X_train = pd.DataFrame(
    scaler.transform(X_train),
    columns=X_train.columns
)

X_test = pd.DataFrame(
    scaler.transform(X_test),
    columns=X_train.columns
)

In [26]:
X_train.head()

Unnamed: 0,age,workclass,final_weight,education,marital_status,occupation,relationship,race,sex,capital_gain,capital_loss,hours_per_week,country
0,0.482644,0.166667,0.352022,0.357143,0.666667,0.692308,0.4,0.666667,0.0,0.0,0.0,0.395685,0.666667
1,0.528238,1.0,0.279148,0.857143,1.0,1.0,0.8,0.666667,1.0,0.0,0.0,0.497826,0.666667
2,0.704502,0.5,0.440719,0.928571,0.5,0.923077,0.6,0.666667,1.0,0.0,0.0,0.548951,0.666667
3,0.813899,0.5,0.272839,0.785714,1.0,0.692308,0.8,0.666667,1.0,0.0,0.0,0.395685,0.666667
4,0.49823,0.166667,0.282357,0.5,0.0,0.384615,0.6,0.333333,0.0,0.0,0.0,0.518272,0.666667


#### Target

In [27]:
y_train = pd.Series(np.where(y_train == ' <=50K', 0, 1), name = 'salary')

y_traini = X_train.index
y_train.index = y_traini

y_test = pd.Series(np.where(y_test == ' <=50K', 0, 1), name = 'salary')

y_testi = X_test.index
y_test.index = y_testi

y_test.head()

0    0
1    0
2    0
3    0
4    1
Name: salary, dtype: int32

In [28]:
# let's now save the train and test sets for the next notebook!

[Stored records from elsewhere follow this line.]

lemma up_closed_eq_greaterThanAtMost:
  fixes S :: "nat set"
  assumes sub: "S \<subseteq> {p<..q}" and closed: "\<And>i j. i \<in> S \<Longrightarrow> i \<le> j \<Longrightarrow> j \<le> q \<Longrightarrow> j \<in> S"
  shows "S = {q - card S<..q}"
proof (cases "S = {}")
  case False
  have "finite S"
    using sub finite_subset by blast
  define M where "M = Min S"
  have min: "M \<in> S" "\<And>j. j \<in> S \<Longrightarrow> M \<le> j"
    using \<open>finite S\<close> False by (auto simp: M_def)
  have bounds: "0 < M" "M \<le> q"
    using sub min(1) by auto
  have "S = {M - 1<..q}"
  proof
    show "S \<subseteq> {M - 1<..q}"
      using sub min(2) bounds by fastforce
    show "{M - 1<..q} \<subseteq> S"
      using closed[OF min(1)] bounds by auto
  qed
  then show ?thesis
    using bounds by simp
qed simp

text \<open>For a + 2c \<le> m, the permutation of [m] with one-line notation
  1 \<dots> a, a+c+1 \<dots> a+2c, a+1 \<dots> a+c, a+2c+1 \<dots> m.\<close>
definition block_swap :: "nat \<Rightarrow> nat \<Rightarrow> nat \<Rightarrow> nat" where
  "block_swap a c i =
     (if a < i \<and> i \<le> a + c then i + c else if a + c < i \<and> i \<le> a + 2 * c then i - c else i)"

lemma block_swap_lower_block: "a < i \<Longrightarrow> i \<le> a + c \<Longrightarrow> block_swap a c i = i + c"
  by (simp add: block_swap_def)

lemma block_swap_upper_block: "a + c < i \<Longrightarrow> i \<le> a + 2 * c \<Longrightarrow> block_swap a c i = i - c"
  by (simp add: block_swap_def)

lemma block_swap_outside: "i \<le> a \<or> a + 2 * c < i \<Longrightarrow> block_swap a c i = i"
  by (auto simp: block_swap_def)

lemma block_swap_block_swap [simp]: "block_swap a c (block_swap a c i) = i"
  by (auto simp: block_swap_def)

X_train.to_csv('xtrain.csv', index=False)
X_test.to_csv('xtest.csv', index=False)

y_train.to_csv('ytrain.csv', index=False)
y_test.to_csv('ytest.csv', index=False)

In [29]:
# now let's save the scaler

joblib.dump(scaler, 'minmax_scaler.joblib') 

['minmax_scaler.joblib']

This concludes the Feature Engineering Section.